Likely, readers have already read heavily about the tokenization of artworks. Artory, MasterWorks, Maecenas, CoArt, and a host of others are all approaching the space with a similar tool. Another difference, however, is the type of community each project seeks to engender.
Aesthetics are everything and as Crain explained, “SuperRare isn’t looking to compete with Christie’s. We just want to be a compliment.”
Measuring “Dankness” and the Rise of CryptoArt
Before founding SuperRare, Crain explained how his work at ConsenSys had inspired him to further explore the NFT space. “I suspected that NFTs were going to be huge in consumer applications. They would create new business models and that’s sort of where I began tinkering,” he said.
His background in user design led him to create a tokenized version of Instagram, something similar to what Editional is doing now. Crain also described the influence of CryptoPunks and the emerging aesthetic that comes with digitally-native art. Launched roughly a year earlier, the co-founders of Larva Labs, Matt Hall and John Watkinson, laid down the groundwork for what would explode into the thriving NFT ecosystem the space is now making room for.
At that time, Hall said that “The whole thing is pretty weird, and that’s kind of why we did this. There’s like a weird intersection here between these virtual, digital things and an artificial rarity, but a rarity that is real and valuable in some sense.”
So weird was this development that it has earned the title of “CryptoArt,” a movement distinct from anything before seen. Jason Bailey of the blog Artnome wrote the seminal post on the subject declaring “art native to the blockchain has its own aesthetic and represents a new and important movement within art.”
(Source: Artnome)
Getting to the heart of this aesthetic is easier said than done, however. In their collective work, “There is no Such Thing as Blockchain Art,” members of the Ethereum community explored several delineations of the crypto and art world. In the first, and as mentioned above, the document identifies the ways in which the technology is helping reinvent the art marketplace via registries and provenance.
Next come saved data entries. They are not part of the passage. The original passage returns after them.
lemma rk_second_moment_tendsto:
  assumes A1: "\<bar>rk_mean_gain \<eta> h\<bar> < 1" and A2: "\<bar>rk_sq_gain \<eta> h\<bar> < 1"
  shows "(\<lambda>n. expectation (\<lambda>\<omega>. rk_path \<eta> x0 n \<omega> ^ 2)) \<longlonglongrightarrow> rk_limit_moment \<eta> h"
proof -
  define m where "m n = expectation (rk_path \<eta> x0 n)" for n
  define s where "s n = expectation (\<lambda>\<omega>. rk_path \<eta> x0 n \<omega> ^ 2)" for n
  have m_rec: "m (Suc n) = rk_mean_gain \<eta> h * m n + rk_mean_shift \<eta> h"
    and s_rec: "s (Suc n) = rk_sq_gain \<eta> h * s n + (rk_cross \<eta> h * m n + rk_sq_shift \<eta> h)" for n
    using rk_path_step_moments[of \<eta> x0 n] rk_path_integrable[of \<eta> x0 n]
    by (auto simp: m_def s_def has_bochner_integral_iff)
  have "m \<longlonglongrightarrow> rk_mean_shift \<eta> h / (1 - rk_mean_gain \<eta> h)"
    using A1 m_rec by (intro affine_recurrence_tendsto[where f = "\<lambda>_. rk_mean_shift \<eta> h"]) auto
  then have "(\<lambda>n. rk_cross \<eta> h * m n + rk_sq_shift \<eta> h)
      \<longlonglongrightarrow> rk_cross \<eta> h * (rk_mean_shift \<eta> h / (1 - rk_mean_gain \<eta> h)) + rk_sq_shift \<eta> h"
    by (intro tendsto_intros)
  from affine_recurrence_tendsto[OF A2 this s_rec] show ?thesis
    by (simp add: s_def rk_limit_moment_def)
qed

end

theorem mainTheorem9:
  fixes \<eta> x0 :: real
  assumes "\<eta>^2 < 2"
  shows "\<exists>mu_inf :: real \<Rightarrow> real.
    (\<forall>h>0.
       \<bar>1 - h + 1/8 * h^2 * (4 - \<eta>^4) - 1/48 * h^3 * (2 + \<eta>^2)^3\<bar> < 1 \<longrightarrow>
       \<bar>1 - h * (2 - \<eta>^2) + 1/4 * h^2 * (8 - 8 * \<eta>^2 + \<eta>^4)
          - 1/24 * h^3 * (32 - 36 * \<eta>^2 + 3 * \<eta>^6)
          + 1/192 * h^4 * (2 + \<eta>^2)^2 * (28 - 52 * \<eta>^2 + 27 * \<eta>^4)
          - 1/96 * h^5 * (2 + \<eta>^2)^4 * (1 - 2 * \<eta>^2)
          + 1/2304 * h^6 * (2 + \<eta>^2)^6\<bar> < 1 \<longrightarrow>
       (\<forall>(M :: 'a measure) (dW :: nat \<Rightarrow> 'a \<Rightarrow> real) (dWt :: nat \<Rightarrow> 'a \<Rightarrow> real).
          prob_space M \<longrightarrow>
          (\<forall>n. distributed M lborel (dW n) (normal_density 0 (sqrt h))) \<longrightarrow>
          (\<forall>n. distributed M lborel (dWt n) (normal_density 0 (sqrt h))) \<longrightarrow>
          prob_space.indep_vars M (\<lambda>_. borel)
            (\<lambda>k. case k of Inl n \<Rightarrow> dW n | Inr n \<Rightarrow> dWt n) UNIV \<longrightarrow>
          (\<lambda>n. integral\<^sup>L M (\<lambda>\<omega>. (rk_iter \<eta> h x0 (\<lambda>k. dW k \<omega>) (\<lambda>k. dWt k \<omega>) n)^2))
            \<longlonglongrightarrow> mu_inf h))
    \<and> (\<lambda>h. mu_inf h - 1 / (2 - \<eta>^2)) \<in> O[at_right 0](\<lambda>h. h)"
proof (intro exI[of _ "rk_limit_moment \<eta>"] conjI allI impI)
  fix h :: real and M :: "'a measure" and dW dWt :: "nat \<Rightarrow> 'a \<Rightarrow> real"
  assume "h > 0" and A1: "\<bar>1 - h + 1/8 * h^2 * (4 - \<eta>^4) - 1/48 * h^3 * (2 + \<eta>^2)^3\<bar> < 1"
    and A2: "\<bar>1 - h * (2 - \<eta>^2) + 1/4 * h^2 * (8 - 8 * \<eta>^2 + \<eta>^4)
          - 1/24 * h^3 * (32 - 36 * \<eta>^2 + 3 * \<eta>^6)
          + 1/192 * h^4 * (2 + \<eta>^2)^2 * (28 - 52 * \<eta>^2 + 27 * \<eta>^4)
          - 1/96 * h^5 * (2 + \<eta>^2)^4 * (1 - 2 * \<eta>^2)
          + 1/2304 * h^6 * (2 + \<eta>^2)^6\<bar> < 1"
    and "prob_space M" "\<forall>n. distributed M lborel (dW n) (normal_density 0 (sqrt h))"
    "\<forall>n. distributed M lborel (dWt n) (normal_density 0 (sqrt h))"
    "prob_space.indep_vars M (\<lambda>_. borel) (\<lambda>k. case k of Inl n \<Rightarrow> dW n | Inr n \<Rightarrow> dWt n) UNIV"
  then interpret rk_gaussian_increments M h dW dWt
    by (simp add: rk_gaussian_increments_def rk_gaussian_increments_axioms_def)
  show "(\<lambda>n. integral\<^sup>L M (\<lambda>\<omega>. (rk_iter \<eta> h x0 (\<lambda>k. dW k \<omega>) (\<lambda>k. dWt k \<omega>) n)^2))
      \<longlonglongrightarrow> rk_limit_moment \<eta> h"
    using A1 A2 by (intro rk_second_moment_tendsto) (simp_all only: rk_mean_gain_eq rk_sq_gain_eq)
next
  show "(\<lambda>h. rk_limit_moment \<eta> h - 1 / (2 - \<eta>^2)) \<in> O[at_right 0](\<lambda>h. h)"
    using rk_limit_moment_bigo[OF assms] .
qed

end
Albeit an important improvement, the work goes on to say:
“In terms of the implementation of the technologies in art pieces, the wide majority has failed to achieve technical and conceptual consistency.”
The distinction made here falls into the much broader category of what art fundamentally is and if art made using these technologies fits into that definition. It’s complicated, but the work of the Department of Decentralization (DoD) reports that all is not lost. In fact, it may only be a question of semantics.
According to Bailey, “it is best to judge CryptoArt by ‘dankness’ or potency of expression and creativity” and “because CryptoArt is open to everyone, judging it by traditional artist standards kills what is great about it.”
Crain added that a piece of CryptoArt is “dank” if it is capable of spreading like wildfire throughout the Internet, much like how successful memes work. Thus, it’s no surprise that adding scarcity to a meme using blockchain has also seen myriad use cases. Trading cards, collectibles, or crypto-fied .jpgs show how something as amorphous as digital virality can be captured, tokenized, and generate real-world value for its creator and collector(s).
Following these lines, the DoD’s discussion on blockchain art indeed qualifies memes as art, unlike the rest of the art world. This inclusion is yet another major difference between a place like SuperRare and Christie’s. As traditional art institutions close themselves from emerging mediums and experiments, other platforms are exploring the fringes of what art can be.
The overriding motif to this discussion is that blockchain, wherever it appears, continues to add disruption and a reexamination of first principles. This has been evidenced time and time again in the world of finance and technology.
And to include the art world in that conversation is either indicative of the technology’s true potential or of humankind’s ability to oversensationalize new ideas. Ten years of Bitcoin isn’t much compared to the rest of the tech space and only time will tell which narrative ends up being the dankest.